On Behalf of | Jan 31, 2019 | Medical Malpractice

If you request an electronic copy of your medical record, or protected health information (PHI) held by a HIPAA-covered entity, you have a right to receive it in paper or electronic form within thirty days. However, the information will only be released if you pay the associated fines. Why are these records so expensive to release?

What is a medical record?

Your medical history lasts from your first breath to your last and often follows you wherever you go. Today, most doctors access this information through a database. This information is protected under law (HIPPA rules) as it could be valuable information to medical companies. This information includes but is not limited to:

· Participation and payments in a health care plan

· Medical record and billing record

· Records created by a medical professional

You have a right to the information within test results, payment records, insurance information, clinical notes and other information that makes up your record. If you request access to your records, they do not have to provide a new analysis of notes or other conclusions that “wrap up” the information within the record.

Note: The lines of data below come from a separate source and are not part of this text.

text \<open>
  For n = p^2 q split the vertices into the multiples of q and the rest. A multiple of q
  prime to p is adjacent only to multiples of p^2 prime to q, and a non-multiple of q only
  to multiples of q, so these vertices have all their neighbours in the other part. A
  multiple of p q has at most p - 1 neighbours among the multiples of q, but all p (q - 1)
  multiples of p prime to q are neighbours outside.

  For n = p^2 q^2, v b = 0 iff at both p and q the exponents of v and b, capped at 2, add up
  to at least 2. Let T be half of the p q - 1 nonzero multiples of p q, taken among those
  divisible by neither p^2 nor q^2; there are (p - 1)(q - 1) of these, enough once p, q \<ge> 3.
  One part is T together with the vertices not divisible by p q, except the multiples of q^2
  prime to p. Its vertices outside T have no neighbour in it; every other vertex is settled
  by comparing T with its complement among the multiples of p q, together with counts of
  multiples of p^2 or q^2.
\<close>

lemma coprime_mult_dvd_iff:
  fixes a b c :: nat
  assumes "coprime a b"
  shows "a * b dvd c \<longleftrightarrow> a dvd c \<and> b dvd c"
  using assms by (blast intro: divides_mult dest: dvd_mult_left dvd_mult_right)

lemma square_dvd_imp_dvd: "(a::nat)^2 dvd b \<Longrightarrow> a dvd b"
  using power_le_dvd[of a 2 b 1] by simp

lemma prime_square_dvd_mult_iff:
  fixes p a b :: nat
  assumes "prime p"
  shows "p^2 dvd a * b \<longleftrightarrow> p^2 dvd a \<or> p^2 dvd b \<or> p dvd a \<and> p dvd b"
proof
  assume ab: "p^2 dvd a * b"
  show "p^2 dvd a \<or> p^2 dvd b \<or> p dvd a \<and> p dvd b"
  proof (cases "p dvd a")
    case False
    then have "coprime (p^2) a"
      using assms by (simp add: prime_imp_coprime)
    then show ?thesis
      using ab by (simp add: coprime_dvd_mult_right_iff)
  next
    case True
    then obtain c where a: "a = p * c" ..
    then have "p dvd c * b"
      using ab assms by (simp add: power2_eq_square mult.assoc prime_gt_0_nat)
    then show ?thesis
      using a assms by (auto simp: power2_eq_square prime_dvd_mult_iff)
  qed
qed (auto simp: power2_eq_square mult_dvd_mono)

lemma card_multiples_below:
  fixes m c :: nat
  assumes "0 < m"
  shows "card {b. 0 < b \<and> b < m * c \<and> m dvd b} = c - 1"
proof -
  have "{b. 0 < b \<and> b < m * c \<and> m dvd b} = (\<lambda>j. m * j) ` {1..<c}"
    using assms by (auto simp: dvd_def)
  moreover have "inj_on (\<lambda>j. m * j) {1..<c}"
    using assms by (simp add: inj_on_def)
  ultimately show ?thesis
    by (simp add: card_image)
qed

lemma card_multiples_not_multiples:
  fixes m k c :: nat
  assumes "0 < m" "0 < k"
  shows "card {b. 0 < b \<and> b < m * k * c \<and> m dvd b \<and> \<not> m * k dvd b} = (k * c - 1) - (c - 1)"
proof -
  let ?M = "\<lambda>d e. {b. 0 < b \<and> b < d * e \<and> d dvd b}"
  have "{b. 0 < b \<and> b < m * k * c \<and> m dvd b \<and> \<not> m * k dvd b} = ?M m (k * c) - ?M (m * k) c"
    by (auto simp: mult.assoc dest: dvd_mult_left)
  moreover have "?M (m * k) c \<subseteq> ?M m (k * c)"
    by (auto simp: mult.assoc dest: dvd_mult_left)
  moreover have "finite (?M (m * k) c)"
    by (rule finite_subset[of _ "{..<m * k * c}"]) auto
  ultimately show ?thesis
    using assms by (simp add: card_Diff_subset card_multiples_below)
qed

lemma dvd_less_mult_imp_add_le:
  fixes m b c :: nat
  assumes "m dvd b" "b < m * c"
  shows "b + m \<le> m * c"
proof -
  obtain j where j: "b = m * j"
    using assms(1) ..
  then have "j < c"
    using assms(2) by simp
  then show ?thesis
    using j mult_le_mono2[of "j + 1" c m] by simp
qed

lemma zd_vertices_subset: "zd_vertices n \<subseteq> {0<..<n}"
  unfolding zd_vertices_def by auto

lemma finite_nbhd_zd: "finite (nbhd (zd_vertices n) (zd_adj n) v)"
proof (rule finite_subset)
  show "nbhd (zd_vertices n) (zd_adj n) v \<subseteq> {0<..<n}"
    using zd_vertices_subset unfolding nbhd_def by blast
qed simp

lemma nbhd_subset: "nbhd V adj v \<subseteq> V"
  unfolding nbhd_def by blast

lemma zd_vertex_not_multiple: "a \<in> zd_vertices n \<Longrightarrow> \<not> n dvd a"
  unfolding zd_vertices_def by (auto dest: nat_dvd_not_less)

lemma mem_nbhd_zd_iff:
  assumes "v \<in> zd_vertices n"
  shows "b \<in> nbhd (zd_vertices n) (zd_adj n) v \<longleftrightarrow> 0 < b \<and> b < n \<and> b \<noteq> v \<and> n dvd v * b"
  using assms unfolding nbhd_def zd_vertices_def zd_adj_def by (auto simp: mult.commute)

lemma zd_vertex_not_coprime:
  assumes "a \<in> zd_vertices n"
  shows "\<not> coprime a n"
proof
  assume "coprime a n"
  obtain b where "0 < b" "b < n" "n dvd a * b"
    using assms unfolding zd_vertices_def by blast
  with \<open>coprime a n\<close> show False
    by (auto simp: coprime_commute coprime_dvd_mult_right_iff dest: nat_dvd_not_less)
qed

lemma nbhd_zd_nonempty:
  assumes v: "v \<in> zd_vertices n" and "\<not> n dvd v^2"
  shows "nbhd (zd_vertices n) (zd_adj n) v \<noteq> {}"
proof -
  define g where "g = gcd v n"
  have "0 < v" "v < n"
    using v unfolding zd_vertices_def by auto
  then have "1 < g"
    using zd_vertex_not_coprime[OF v] unfolding g_def
    by (auto simp: coprime_iff_gcd_eq_1 nat_neq_iff)
  obtain k where n: "n = g * k"
    unfolding g_def by (rule dvdE[OF gcd_dvd2])
  obtain w where "v = g * w"
    unfolding g_def by (rule dvdE[OF gcd_dvd1])
  then have "n dvd v * k"
    using n by simp
  moreover have "0 < k"
    using n \<open>v < n\<close> by (cases "k = 0") simp_all
  moreover from this have "k < n"
    using n \<open>1 < g\<close> by simp
  moreover have "k \<noteq> v"
    using \<open>n dvd v * k\<close> assms(2) by (auto simp: power2_eq_square)
  ultimately show ?thesis
    using mem_nbhd_zd_iff[OF v] by blast
qed

lemma very_cost_effective_vertex_zdI:
  assumes v: "v \<in> zd_vertices n" and "\<not> n dvd v^2"
    and "nbhd (zd_vertices n) (zd_adj n) v \<inter> S = {}"
  shows "very_cost_effective_vertex (zd_vertices n) (zd_adj n) S v"
proof -
  let ?N = "nbhd (zd_vertices n) (zd_adj n) v"
  have "?N \<inter> (zd_vertices n - S) = ?N"
    using assms(3) unfolding nbhd_def by blast
  then show ?thesis
    using assms(3) nbhd_zd_nonempty[OF assms(1,2)] finite_nbhd_zd
    unfolding very_cost_effective_vertex_def by (simp add: card_gt_0_iff)
qed

lemma very_cost_effective_graphI:
  assumes "S \<subseteq> V"
    and "\<And>v. v \<in> S \<Longrightarrow> very_cost_effective_vertex V adj S v"
    and "\<And>v. v \<in> V - S \<Longrightarrow> very_cost_effective_vertex V adj (V - S) v"
  shows "very_cost_effective_graph V adj"
  using assms unfolding very_cost_effective_graph_def very_cost_effective_set_def by blast

locale two_primes =
  fixes p q :: nat
  assumes prime_p: "prime p" and prime_q: "prime q" and p_neq_q: "p \<noteq> q"
begin

lemma p_gt_1: "1 < p" and q_gt_1: "1 < q"
  using prime_p prime_q prime_gt_1_nat by auto

lemma pq_gt_1: "1 < p * q"
  using p_gt_1 q_gt_1 by (simp add: one_less_mult)

lemma coprime_p_q: "coprime p q"
  using prime_p prime_q p_neq_q by (simp add: primes_coprime)

lemma q_not_dvd_p: "\<not> q dvd p"
  using prime_p prime_q p_neq_q primes_dvd_imp_eq by blast

lemma p2q_dvd_mult_iff:
  "p^2 * q dvd a * b \<longleftrightarrow> (p^2 dvd a \<or> p^2 dvd b \<or> p dvd a \<and> p dvd b) \<and> (q dvd a \<or> q dvd b)"
  using coprime_p_q prime_p prime_q
  by (simp add: coprime_mult_dvd_iff prime_square_dvd_mult_iff prime_dvd_mult_iff)

lemma p2q_dvd_square_iff: "p^2 * q dvd a^2 \<longleftrightarrow> p * q dvd a"
  using coprime_p_q prime_q by (simp add: coprime_mult_dvd_iff prime_dvd_power_iff)

lemma p2q_vertex_coprime_to_p:
  assumes v: "v \<in> zd_vertices (p^2 * q)" and "q dvd v" "\<not> p dvd v"
  shows "very_cost_effective_vertex (zd_vertices (p^2 * q)) (zd_adj (p^2 * q))
           {v \<in> zd_vertices (p^2 * q). q dvd v} v"
proof (rule very_cost_effective_vertex_zdI[OF v])
  show "\<not> p^2 * q dvd v^2"
    using assms(3) by (auto simp: p2q_dvd_square_iff dest: dvd_mult_left)
  have "\<not> p^2 * q dvd b" if "0 < b" "b < p^2 * q" for b
    using that by (auto dest: nat_dvd_not_less)
  then show "nbhd (zd_vertices (p^2 * q)) (zd_adj (p^2 * q)) v \<inter> {v \<in> zd_vertices (p^2 * q). q dvd v} = {}"
    using assms(3) coprime_p_q
    by (auto simp: mem_nbhd_zd_iff[OF v] p2q_dvd_mult_iff coprime_mult_dvd_iff dest: square_dvd_imp_dvd)
qed

lemma p2q_vertex_coprime_to_q:
  assumes v: "v \<in> zd_vertices (p^2 * q)" and "\<not> q dvd v"
  shows "very_cost_effective_vertex (zd_vertices (p^2 * q)) (zd_adj (p^2 * q))
           (zd_vertices (p^2 * q) - {v \<in> zd_vertices (p^2 * q). q dvd v}) v"
proof (rule very_cost_effective_vertex_zdI[OF v])
  show "\<not> p^2 * q dvd v^2"
    using assms(2) by (auto simp: p2q_dvd_square_iff dest: dvd_mult_right)
  show "nbhd (zd_vertices (p^2 * q)) (zd_adj (p^2 * q)) v
          \<inter> (zd_vertices (p^2 * q) - {v \<in> zd_vertices (p^2 * q). q dvd v}) = {}"
    using assms(2) by (auto simp: mem_nbhd_zd_iff[OF v] p2q_dvd_mult_iff)
qed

You do not, however, have an explicit right to access the following:

· Psychotherapy notes

· Provider business information

· Information compiled under a legal or criminal investigation

Why are you charged to access your record?

HIPPA privacy rules impose “reasonable” fees to obtain a copy of your record. The reasonableness of these costs is debatable, as many believe that the fees are an unreasonable obstacle to information about yourself.

These fees are regulated to only cover:

1. Labor of a person who converts physical records to electronic records

2. Supply costs for paper or electronic storage device (such as a USB)

3. Postage

4. A new summary of information (upon request)

It is not lawful for the fees to cover reviewing the request, maintenance, and verification of your medical records, even if such costs are authorized by State law. For example, they cannot threaten to delete your records if you do not pay a yearly fine. Advances in technology allow for more autonomous retrieval methods, which should lower labor costs. If you think you have been unreasonably fined for attempting to access your records, you may be entitled to compensation.